Viewing What is Far to See What is Near: On Making Sense of the Planetary
2025
In Stadtkuratorin Hamburg Online, 2025. Link
An altered world view is not merely the result of acquiring new information, but a question of how it reorganises conditions of sense-making, encompassing more than scientific knowledge alone. In dramatizing the interplay between epistemology and cultural beliefs, Warburg’s exhibition traced the evolution of perspectival frameworks through which ‘seeing what is near’ is mediated, and not simply an ocular sensory capacity. Seeing is conditioned by knowledge that positions and focuses it in certain historically attuned, culturally specific ways. In our moment, the climate sciences and their manifold, prognostic charts, graphs and models may deliver knowledge about a planetary condition, however we are only in the nascent stages of mediating the consequences of it in perspectival terms.

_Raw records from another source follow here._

lemma sq_integral_spike_comp:
  "sq_integral (\<lambda>x. spike y c (\<phi> x)) = ennreal (\<rho> y * (cmod c)\<^sup>2 * measure M {y})"
proof -
  have "sq_integral (spike y c \<circ> \<phi>) = (\<integral>\<^sup>+ x. ennreal (\<rho> y * (cmod c)\<^sup>2) * indicator {y} x \<partial>M)"
    unfolding sq_integral_comp using \<rho>_pos[of y]
    by (intro nn_integral_cong) (auto simp: spike_def ennreal_mult split: split_indicator)
  then show ?thesis using \<rho>_pos[of y] by (simp add: nn_integral_singleton ennreal_mult)
qed

lemma spike_in_comp_dom: "spike y c \<in> comp_dom M \<phi>"
  by (simp add: comp_dom_def L2_def sq_integral_spike sq_integral_spike_comp flip: comp_def)

lemma L2norm_spike: "L2norm M (spike y c) = cmod c * sqrt (measure M {y})"
  using measure_singleton_pos[of y] by (simp add: L2norm_def sq_integral_spike real_sqrt_mult)

lemma L2norm_spike_comp: "L2norm M (spike y c \<circ> \<phi>) = sqrt (\<rho> y) * cmod c * sqrt (measure M {y})"
  using measure_singleton_pos[of y] \<rho>_pos[of y]
  by (simp add: L2norm_def sq_integral_spike_comp real_sqrt_mult)

lemma L2_zero: "(\<lambda>_. 0) \<in> L2 M" and L2norm_zero: "L2norm M (\<lambda>_. 0) = 0"
  by (auto simp: L2_def L2norm_def)

lemma rho_le_comp_norm_sq:
  assumes "comp_bounded M \<phi>" shows "\<rho> y \<le> (comp_norm M \<phi>)\<^sup>2"
proof -
  define A where "A = {L2norm M (f \<circ> \<phi>) | f. f \<in> L2 M \<and> L2norm M f \<le> 1}"
  obtain K where K: "\<And>f. f \<in> L2 M \<Longrightarrow> L2norm M (f \<circ> \<phi>) \<le> K * L2norm M f"
    using assms unfolding comp_bounded_def by blast
  have "z \<le> \<bar>K\<bar>" if "z \<in> A" for z
  proof -
    obtain f where f: "f \<in> L2 M" "L2norm M f \<le> 1" "z = L2norm M (f \<circ> \<phi>)"
      using \<open>z \<in> A\<close> unfolding A_def by blast
    have "0 \<le> L2norm M f" by (simp add: L2norm_def)
    have "z \<le> K * L2norm M f" using K[OF f(1)] f(3) by simp
    also have "\<dots> \<le> \<bar>K\<bar> * L2norm M f" using \<open>0 \<le> L2norm M f\<close> by (simp add: mult_right_mono)
    also have "\<dots> \<le> \<bar>K\<bar>" using f(2) \<open>0 \<le> L2norm M f\<close> by (simp add: mult_left_le)
    finally show ?thesis .
  qed
  then have "bdd_above A" by (rule bdd_aboveI)
  define c where "c = complex_of_real (1 / sqrt (measure M {y}))"
  have "L2norm M (spike y c) = 1" "L2norm M (spike y c \<circ> \<phi>) = sqrt (\<rho> y)"
    using measure_singleton_pos[of y]
    by (simp_all add: c_def L2norm_spike L2norm_spike_comp norm_divide)
  then have "sqrt (\<rho> y) \<in> A"
    unfolding A_def mem_Collect_eq using spike_in_comp_dom[of y c]
    by (intro exI[of _ "spike y c"]) (simp add: comp_dom_def)
  then have "sqrt (\<rho> y) \<le> comp_norm M \<phi>"
    using \<open>bdd_above A\<close> by (simp add: comp_norm_def A_def cSup_upper)
  then have "(sqrt (\<rho> y))\<^sup>2 \<le> (comp_norm M \<phi>)\<^sup>2"
    using \<rho>_pos[of y] by (intro power_mono) auto
  then show ?thesis using \<rho>_pos[of y] by simp
qed

lemma comp_bounded_norm_le:
  assumes B: "\<And>y. \<rho> y \<le> B"
  shows "comp_bounded M \<phi>" and "(comp_norm M \<phi>)\<^sup>2 \<le> B"
proof -
  have "0 \<le> B" using B[of undefined] \<rho>_pos[of undefined] by simp
  have bound: "f \<circ> \<phi> \<in> L2 M \<and> L2norm M (f \<circ> \<phi>) \<le> sqrt B * L2norm M f" if "f \<in> L2 M" for f
  proof -
    have le: "sq_integral (f \<circ> \<phi>) \<le> ennreal B * sq_integral f" by (rule sq_integral_comp_le[OF B])
    moreover have fin: "ennreal B * sq_integral f < top"
      using that by (simp add: L2_def ennreal_mult_less_top)
    ultimately have "f \<circ> \<phi> \<in> L2 M" by (simp add: L2_def)
    moreover have "enn2real (sq_integral (f \<circ> \<phi>)) \<le> B * enn2real (sq_integral f)"
      using enn2real_mono[OF le fin] \<open>0 \<le> B\<close> by (simp add: enn2real_mult)
    then have "sqrt (enn2real (sq_integral (f \<circ> \<phi>))) \<le> sqrt B * sqrt (enn2real (sq_integral f))"
      by (metis real_sqrt_le_mono real_sqrt_mult)
    ultimately show ?thesis by (simp add: L2norm_def)
  qed
  then show "comp_bounded M \<phi>"
    unfolding comp_bounded_def comp_dom_def by blast
  define A where "A = {L2norm M (f \<circ> \<phi>) | f. f \<in> L2 M \<and> L2norm M f \<le> 1}"
  have "z \<le> sqrt B" if "z \<in> A" for z
  proof -
    obtain f where f: "f \<in> L2 M" "L2norm M f \<le> 1" "z = L2norm M (f \<circ> \<phi>)"
      using \<open>z \<in> A\<close> unfolding A_def by blast
    have "z \<le> sqrt B * L2norm M f" using bound f by simp
    also have "\<dots> \<le> sqrt B" using f(2) \<open>0 \<le> B\<close> by (simp add: mult_left_le)
    finally show ?thesis .
  qed
  moreover have "0 \<in> A"
    unfolding A_def mem_Collect_eq using L2_zero L2norm_zero
    by (intro exI[of _ "\<lambda>_. 0"]) (simp add: o_def)
  ultimately have "0 \<le> Sup A" "Sup A \<le> sqrt B"
    by (auto intro!: cSup_upper cSup_least bdd_aboveI)
  then have "(Sup A)\<^sup>2 \<le> (sqrt B)\<^sup>2" by (intro power_mono)
  then show "(comp_norm M \<phi>)\<^sup>2 \<le> B" using \<open>0 \<le> B\<close> by (simp add: comp_norm_def A_def)
qed

lemma comp_bounded_iff_bdd_above: "comp_bounded M \<phi> \<longleftrightarrow> bdd_above (range \<rho>)"
proof
  assume "comp_bounded M \<phi>"
  show "bdd_above (range \<rho>)"
    by (rule bdd_aboveI2[where M = "(comp_norm M \<phi>)\<^sup>2"]) (rule rho_le_comp_norm_sq[OF \<open>comp_bounded M \<phi>\<close>])
next
  assume "bdd_above (range \<rho>)"
  then obtain B where "\<And>y. \<rho> y \<le> B" by (auto simp: bdd_above_def)
  then show "comp_bounded M \<phi>" by (rule comp_bounded_norm_le(1))
qed

lemma comp_norm_sq_eq_Sup:
  assumes "comp_bounded M \<phi>" shows "(comp_norm M \<phi>)\<^sup>2 = Sup (range \<rho>)"
proof (rule antisym)
  show "Sup (range \<rho>) \<le> (comp_norm M \<phi>)\<^sup>2"
    using rho_le_comp_norm_sq[OF assms] by (auto intro: cSUP_least)
  have "bdd_above (range \<rho>)" using assms by (simp add: comp_bounded_iff_bdd_above)
  then show "(comp_norm M \<phi>)\<^sup>2 \<le> Sup (range \<rho>)"
    by (intro comp_bounded_norm_le(2) cSUP_upper[OF UNIV_I])
qed

lemma comp_bounded_below_iff:
  assumes "0 < c"
  shows "(\<forall>f \<in> comp_dom M \<phi>. c * L2norm M f \<le> L2norm M (f \<circ> \<phi>)) \<longleftrightarrow> (\<forall>y. c\<^sup>2 \<le> \<rho> y)"
proof
  assume below: "\<forall>f \<in> comp_dom M \<phi>. c * L2norm M f \<le> L2norm M (f \<circ> \<phi>)"
  show "\<forall>y. c\<^sup>2 \<le> \<rho> y"
  proof
    fix y
    have "c * L2norm M (spike y 1) \<le> L2norm M (spike y 1 \<circ> \<phi>)"
      using below spike_in_comp_dom by blast
    then have "c \<le> sqrt (\<rho> y)"
      using measure_singleton_pos[of y] by (simp add: L2norm_spike L2norm_spike_comp)
    then have "c\<^sup>2 \<le> (sqrt (\<rho> y))\<^sup>2" using \<open>0 < c\<close> by (intro power_mono) auto
    then show "c\<^sup>2 \<le> \<rho> y" using \<rho>_pos[of y] by simp
  qed
next
  assume "\<forall>y. c\<^sup>2 \<le> \<rho> y"
  show "\<forall>f \<in> comp_dom M \<phi>. c * L2norm M f \<le> L2norm M (f \<circ> \<phi>)"
  proof
    fix f assume "f \<in> comp_dom M \<phi>"
    have "ennreal (c\<^sup>2) * sq_integral f \<le> sq_integral (f \<circ> \<phi>)"
      using \<open>\<forall>y. c\<^sup>2 \<le> \<rho> y\<close> by (intro sq_integral_comp_ge) auto
    then have "enn2real (ennreal (c\<^sup>2) * sq_integral f) \<le> enn2real (sq_integral (f \<circ> \<phi>))"
      using \<open>f \<in> comp_dom M \<phi>\<close> by (intro enn2real_mono) (auto simp: comp_dom_def L2_def)
    then have "sqrt (c\<^sup>2 * enn2real (sq_integral f)) \<le> sqrt (enn2real (sq_integral (f \<circ> \<phi>)))"
      by (simp add: enn2real_mult)
    then show "c * L2norm M f \<le> L2norm M (f \<circ> \<phi>)"
      using \<open>0 < c\<close> by (simp add: L2norm_def real_sqrt_mult)
  qed
qed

In other words, we may be able to abstractly view the planetary, but are learning how to intimately see and make-sense from within its conditions. It is on this crucial point where the significance of aesthetic practices comes into particular relevance for us today: through what historical conditions is our ‘seeing’ mediated? From what perspective do world views mediate and make sense of what is seen? And through what concepts and/or assumptions do we draw distinctions between the near and the distant? Taking cues from Warburg’s prescient exhibition, From the Cosmos to the Commons positions public art as a means for mediating this continuum between knowledge and storytelling, between abstraction and proximity, asking how the planetary reorients world views, and what role art plays in experiencing these shifts in perspectivally, meaningful ways.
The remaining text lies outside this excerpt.